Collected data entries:
####################
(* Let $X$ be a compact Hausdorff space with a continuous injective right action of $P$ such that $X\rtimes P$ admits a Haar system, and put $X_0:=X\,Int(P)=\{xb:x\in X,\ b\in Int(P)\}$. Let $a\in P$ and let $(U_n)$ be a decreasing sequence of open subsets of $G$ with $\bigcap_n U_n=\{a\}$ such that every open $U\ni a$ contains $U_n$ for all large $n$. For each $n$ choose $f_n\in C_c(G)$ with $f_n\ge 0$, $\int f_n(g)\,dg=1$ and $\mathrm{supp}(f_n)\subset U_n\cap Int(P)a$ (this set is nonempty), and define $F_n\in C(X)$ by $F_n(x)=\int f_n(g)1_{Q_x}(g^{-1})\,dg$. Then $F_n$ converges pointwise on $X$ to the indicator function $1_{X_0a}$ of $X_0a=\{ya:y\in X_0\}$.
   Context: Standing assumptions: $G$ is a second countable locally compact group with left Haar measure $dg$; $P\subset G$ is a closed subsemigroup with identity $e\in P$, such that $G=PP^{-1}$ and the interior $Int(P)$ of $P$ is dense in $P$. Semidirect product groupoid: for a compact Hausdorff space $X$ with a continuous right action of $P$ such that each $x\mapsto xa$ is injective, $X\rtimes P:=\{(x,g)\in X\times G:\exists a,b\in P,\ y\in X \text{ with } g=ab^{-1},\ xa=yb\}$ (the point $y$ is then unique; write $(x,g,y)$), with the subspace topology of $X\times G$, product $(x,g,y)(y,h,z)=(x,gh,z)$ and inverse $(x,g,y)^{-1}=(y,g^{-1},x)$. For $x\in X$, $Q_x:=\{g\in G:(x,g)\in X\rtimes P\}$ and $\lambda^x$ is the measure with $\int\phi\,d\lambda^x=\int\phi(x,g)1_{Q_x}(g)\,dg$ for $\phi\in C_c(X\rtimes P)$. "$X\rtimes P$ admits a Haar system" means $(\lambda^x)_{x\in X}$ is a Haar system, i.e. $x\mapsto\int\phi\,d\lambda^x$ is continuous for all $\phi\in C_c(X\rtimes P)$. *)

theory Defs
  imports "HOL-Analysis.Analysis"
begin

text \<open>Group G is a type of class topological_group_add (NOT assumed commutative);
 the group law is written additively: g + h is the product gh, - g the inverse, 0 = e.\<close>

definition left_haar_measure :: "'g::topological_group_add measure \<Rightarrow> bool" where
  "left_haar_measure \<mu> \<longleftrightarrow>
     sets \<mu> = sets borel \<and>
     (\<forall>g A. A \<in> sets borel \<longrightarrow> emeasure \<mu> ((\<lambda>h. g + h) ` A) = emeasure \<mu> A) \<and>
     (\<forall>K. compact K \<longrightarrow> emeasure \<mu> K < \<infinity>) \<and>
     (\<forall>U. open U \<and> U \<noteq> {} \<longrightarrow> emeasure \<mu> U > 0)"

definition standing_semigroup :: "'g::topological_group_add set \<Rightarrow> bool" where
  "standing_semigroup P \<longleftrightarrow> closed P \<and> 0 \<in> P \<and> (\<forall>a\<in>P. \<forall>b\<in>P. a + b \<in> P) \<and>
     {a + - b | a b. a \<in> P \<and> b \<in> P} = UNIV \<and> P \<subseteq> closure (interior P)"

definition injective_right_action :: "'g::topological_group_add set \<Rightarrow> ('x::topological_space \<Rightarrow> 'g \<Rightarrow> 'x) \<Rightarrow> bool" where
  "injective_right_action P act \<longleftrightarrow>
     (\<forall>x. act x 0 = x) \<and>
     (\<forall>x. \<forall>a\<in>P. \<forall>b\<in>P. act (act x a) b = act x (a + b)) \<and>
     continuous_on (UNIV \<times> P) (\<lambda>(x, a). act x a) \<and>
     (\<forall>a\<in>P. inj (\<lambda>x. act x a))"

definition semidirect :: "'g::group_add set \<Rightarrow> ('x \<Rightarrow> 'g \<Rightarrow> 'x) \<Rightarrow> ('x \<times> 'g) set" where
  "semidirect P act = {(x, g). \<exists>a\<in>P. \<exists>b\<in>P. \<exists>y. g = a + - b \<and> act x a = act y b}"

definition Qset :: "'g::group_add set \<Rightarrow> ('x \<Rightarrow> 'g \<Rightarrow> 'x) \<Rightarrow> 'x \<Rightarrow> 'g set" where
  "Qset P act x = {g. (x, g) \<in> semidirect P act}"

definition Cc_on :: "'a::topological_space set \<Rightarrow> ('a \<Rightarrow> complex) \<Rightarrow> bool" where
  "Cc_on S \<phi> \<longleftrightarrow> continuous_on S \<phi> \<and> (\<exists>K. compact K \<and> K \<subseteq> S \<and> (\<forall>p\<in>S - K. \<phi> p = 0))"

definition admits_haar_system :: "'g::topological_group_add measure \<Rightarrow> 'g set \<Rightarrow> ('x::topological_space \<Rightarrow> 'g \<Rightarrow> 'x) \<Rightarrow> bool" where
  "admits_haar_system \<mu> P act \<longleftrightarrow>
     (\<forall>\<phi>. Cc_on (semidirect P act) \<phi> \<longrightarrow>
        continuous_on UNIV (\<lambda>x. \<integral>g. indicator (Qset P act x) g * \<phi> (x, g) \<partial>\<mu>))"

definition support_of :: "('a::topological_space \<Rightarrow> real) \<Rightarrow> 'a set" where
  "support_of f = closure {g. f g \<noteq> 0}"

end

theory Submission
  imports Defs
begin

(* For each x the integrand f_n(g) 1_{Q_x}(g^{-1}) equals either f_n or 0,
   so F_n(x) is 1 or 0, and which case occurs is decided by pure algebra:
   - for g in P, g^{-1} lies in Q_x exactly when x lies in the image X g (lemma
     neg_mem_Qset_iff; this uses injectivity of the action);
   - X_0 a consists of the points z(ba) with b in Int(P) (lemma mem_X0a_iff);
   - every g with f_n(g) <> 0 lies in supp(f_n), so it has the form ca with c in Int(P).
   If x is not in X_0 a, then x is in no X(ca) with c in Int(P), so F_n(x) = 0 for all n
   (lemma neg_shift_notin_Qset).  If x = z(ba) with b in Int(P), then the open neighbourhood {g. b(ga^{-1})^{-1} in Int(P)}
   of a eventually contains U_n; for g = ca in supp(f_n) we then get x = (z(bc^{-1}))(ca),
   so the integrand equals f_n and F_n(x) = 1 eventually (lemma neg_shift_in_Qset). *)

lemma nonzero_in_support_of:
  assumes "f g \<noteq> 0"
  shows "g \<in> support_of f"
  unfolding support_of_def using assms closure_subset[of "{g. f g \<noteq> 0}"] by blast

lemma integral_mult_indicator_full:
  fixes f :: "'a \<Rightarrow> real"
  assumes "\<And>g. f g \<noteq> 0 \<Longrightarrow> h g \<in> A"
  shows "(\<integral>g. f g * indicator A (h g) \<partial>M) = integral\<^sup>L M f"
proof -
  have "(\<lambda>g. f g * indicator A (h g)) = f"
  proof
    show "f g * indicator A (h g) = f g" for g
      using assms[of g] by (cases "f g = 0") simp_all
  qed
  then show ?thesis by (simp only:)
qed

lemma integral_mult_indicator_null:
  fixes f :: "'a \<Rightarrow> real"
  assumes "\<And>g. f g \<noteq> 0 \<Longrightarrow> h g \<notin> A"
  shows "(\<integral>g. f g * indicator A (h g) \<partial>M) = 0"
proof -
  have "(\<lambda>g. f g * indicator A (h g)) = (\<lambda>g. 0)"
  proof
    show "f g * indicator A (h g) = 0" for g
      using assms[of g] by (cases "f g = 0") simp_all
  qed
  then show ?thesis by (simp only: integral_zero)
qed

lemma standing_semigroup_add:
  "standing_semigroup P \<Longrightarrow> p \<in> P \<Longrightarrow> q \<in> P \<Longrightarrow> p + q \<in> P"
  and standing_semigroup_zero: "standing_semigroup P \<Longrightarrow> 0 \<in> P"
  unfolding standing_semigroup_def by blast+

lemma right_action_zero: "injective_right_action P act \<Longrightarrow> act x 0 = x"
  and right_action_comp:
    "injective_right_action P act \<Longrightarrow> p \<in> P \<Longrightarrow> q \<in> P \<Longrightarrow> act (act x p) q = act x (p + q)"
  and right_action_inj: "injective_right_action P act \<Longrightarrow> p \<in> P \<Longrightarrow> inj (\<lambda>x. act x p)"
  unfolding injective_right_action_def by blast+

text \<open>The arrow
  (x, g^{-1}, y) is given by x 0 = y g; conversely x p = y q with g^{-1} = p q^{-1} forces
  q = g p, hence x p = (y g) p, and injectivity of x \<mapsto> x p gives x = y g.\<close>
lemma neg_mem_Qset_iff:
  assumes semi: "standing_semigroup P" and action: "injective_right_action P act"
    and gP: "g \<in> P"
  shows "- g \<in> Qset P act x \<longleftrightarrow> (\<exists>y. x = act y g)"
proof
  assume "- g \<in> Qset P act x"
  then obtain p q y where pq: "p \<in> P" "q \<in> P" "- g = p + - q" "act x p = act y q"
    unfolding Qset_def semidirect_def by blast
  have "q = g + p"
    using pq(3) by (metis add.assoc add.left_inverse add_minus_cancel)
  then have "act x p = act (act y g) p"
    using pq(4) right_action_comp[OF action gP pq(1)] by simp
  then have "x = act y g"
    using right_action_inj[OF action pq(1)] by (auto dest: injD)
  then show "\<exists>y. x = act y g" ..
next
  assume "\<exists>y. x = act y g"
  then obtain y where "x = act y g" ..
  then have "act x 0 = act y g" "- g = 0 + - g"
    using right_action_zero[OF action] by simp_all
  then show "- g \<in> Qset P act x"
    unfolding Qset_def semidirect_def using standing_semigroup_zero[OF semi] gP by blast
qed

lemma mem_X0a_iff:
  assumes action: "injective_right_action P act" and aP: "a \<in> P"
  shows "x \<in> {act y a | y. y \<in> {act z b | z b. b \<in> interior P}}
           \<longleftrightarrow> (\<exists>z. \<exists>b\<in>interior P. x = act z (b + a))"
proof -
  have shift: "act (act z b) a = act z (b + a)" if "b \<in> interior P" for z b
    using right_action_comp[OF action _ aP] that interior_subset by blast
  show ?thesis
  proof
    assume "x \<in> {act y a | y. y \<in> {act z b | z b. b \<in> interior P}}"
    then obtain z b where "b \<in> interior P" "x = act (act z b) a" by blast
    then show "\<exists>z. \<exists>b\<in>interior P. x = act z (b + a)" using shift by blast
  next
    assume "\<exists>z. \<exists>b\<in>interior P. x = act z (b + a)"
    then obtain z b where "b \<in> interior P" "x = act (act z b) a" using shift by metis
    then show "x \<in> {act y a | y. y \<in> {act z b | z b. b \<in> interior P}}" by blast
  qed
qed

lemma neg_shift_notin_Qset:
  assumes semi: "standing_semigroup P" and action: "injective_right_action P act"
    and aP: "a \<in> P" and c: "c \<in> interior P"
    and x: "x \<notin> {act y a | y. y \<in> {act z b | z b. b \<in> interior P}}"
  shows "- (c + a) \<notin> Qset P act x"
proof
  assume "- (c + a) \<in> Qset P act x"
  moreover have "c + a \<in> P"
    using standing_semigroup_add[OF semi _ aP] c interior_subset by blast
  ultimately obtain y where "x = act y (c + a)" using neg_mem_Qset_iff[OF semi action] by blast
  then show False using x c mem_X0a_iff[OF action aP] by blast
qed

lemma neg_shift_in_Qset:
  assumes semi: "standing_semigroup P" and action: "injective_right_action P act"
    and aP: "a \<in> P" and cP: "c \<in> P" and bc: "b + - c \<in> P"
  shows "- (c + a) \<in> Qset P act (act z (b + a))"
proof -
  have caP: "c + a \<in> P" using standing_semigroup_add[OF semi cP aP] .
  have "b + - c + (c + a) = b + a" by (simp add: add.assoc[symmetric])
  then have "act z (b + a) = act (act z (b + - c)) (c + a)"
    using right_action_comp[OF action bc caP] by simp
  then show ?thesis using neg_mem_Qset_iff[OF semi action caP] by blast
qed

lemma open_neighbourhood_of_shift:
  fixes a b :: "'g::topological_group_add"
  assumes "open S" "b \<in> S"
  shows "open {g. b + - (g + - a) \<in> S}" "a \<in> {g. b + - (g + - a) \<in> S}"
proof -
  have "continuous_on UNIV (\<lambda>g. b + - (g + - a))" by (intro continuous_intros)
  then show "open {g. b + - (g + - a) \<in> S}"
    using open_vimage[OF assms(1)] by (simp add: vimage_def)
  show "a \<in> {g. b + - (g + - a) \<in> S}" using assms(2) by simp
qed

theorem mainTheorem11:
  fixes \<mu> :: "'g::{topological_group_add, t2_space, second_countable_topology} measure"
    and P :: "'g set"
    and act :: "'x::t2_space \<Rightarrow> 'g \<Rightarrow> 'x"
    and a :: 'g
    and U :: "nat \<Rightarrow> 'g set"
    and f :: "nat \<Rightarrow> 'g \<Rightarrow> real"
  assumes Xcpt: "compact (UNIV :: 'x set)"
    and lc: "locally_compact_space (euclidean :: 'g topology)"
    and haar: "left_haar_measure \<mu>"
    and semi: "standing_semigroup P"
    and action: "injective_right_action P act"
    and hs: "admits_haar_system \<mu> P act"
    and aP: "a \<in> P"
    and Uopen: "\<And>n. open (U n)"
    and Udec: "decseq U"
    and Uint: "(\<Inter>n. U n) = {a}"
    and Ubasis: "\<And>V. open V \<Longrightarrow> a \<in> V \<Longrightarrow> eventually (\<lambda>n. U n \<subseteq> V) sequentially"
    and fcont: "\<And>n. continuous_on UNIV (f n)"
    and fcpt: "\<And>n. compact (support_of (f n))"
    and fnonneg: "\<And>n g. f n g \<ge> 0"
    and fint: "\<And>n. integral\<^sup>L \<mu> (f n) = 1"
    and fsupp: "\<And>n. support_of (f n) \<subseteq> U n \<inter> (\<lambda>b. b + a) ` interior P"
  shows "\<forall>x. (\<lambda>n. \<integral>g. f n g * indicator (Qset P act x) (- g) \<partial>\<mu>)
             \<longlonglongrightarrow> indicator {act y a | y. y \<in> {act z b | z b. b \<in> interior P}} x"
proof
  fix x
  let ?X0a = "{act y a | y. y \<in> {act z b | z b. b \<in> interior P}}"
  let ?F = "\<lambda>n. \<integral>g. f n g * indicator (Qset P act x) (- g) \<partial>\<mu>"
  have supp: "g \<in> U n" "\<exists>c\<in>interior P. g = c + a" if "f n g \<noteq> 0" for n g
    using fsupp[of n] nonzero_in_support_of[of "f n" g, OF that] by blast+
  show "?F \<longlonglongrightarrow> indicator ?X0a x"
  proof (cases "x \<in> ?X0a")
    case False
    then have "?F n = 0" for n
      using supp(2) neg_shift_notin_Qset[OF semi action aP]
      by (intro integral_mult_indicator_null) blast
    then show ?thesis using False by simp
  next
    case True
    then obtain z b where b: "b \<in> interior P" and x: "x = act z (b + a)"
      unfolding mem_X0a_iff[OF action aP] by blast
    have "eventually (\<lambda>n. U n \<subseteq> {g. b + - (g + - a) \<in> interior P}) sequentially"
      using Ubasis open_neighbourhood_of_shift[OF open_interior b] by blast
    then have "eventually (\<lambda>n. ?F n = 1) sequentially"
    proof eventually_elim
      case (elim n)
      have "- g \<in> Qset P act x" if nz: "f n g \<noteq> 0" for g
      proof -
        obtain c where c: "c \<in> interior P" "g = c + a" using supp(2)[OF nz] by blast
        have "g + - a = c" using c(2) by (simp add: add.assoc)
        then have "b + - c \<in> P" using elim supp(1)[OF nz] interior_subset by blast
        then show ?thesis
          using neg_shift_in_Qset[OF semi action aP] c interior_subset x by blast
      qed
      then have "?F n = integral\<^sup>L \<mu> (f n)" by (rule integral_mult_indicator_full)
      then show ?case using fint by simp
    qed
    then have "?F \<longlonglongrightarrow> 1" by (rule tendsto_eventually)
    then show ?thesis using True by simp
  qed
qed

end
####################
Copy from the entries above each line in which the string "bool" can be found.

definition left_haar_measure :: "'g::topological_group_add measure \<Rightarrow> bool" where
definition standing_semigroup :: "'g::topological_group_add set \<Rightarrow> bool" where
definition injective_right_action :: "'g::topological_group_add set \<Rightarrow> ('x::topological_space \<Rightarrow> 'g \<Rightarrow> 'x) \<Rightarrow> bool" where
definition Cc_on :: "'a::topological_space set \<Rightarrow> ('a \<Rightarrow> complex) \<Rightarrow> bool" where
definition admits_haar_system :: "'g::topological_group_add measure \<Rightarrow> 'g set \<Rightarrow> ('x::topological_space \<Rightarrow> 'g \<Rightarrow> 'x) \<Rightarrow> bool" where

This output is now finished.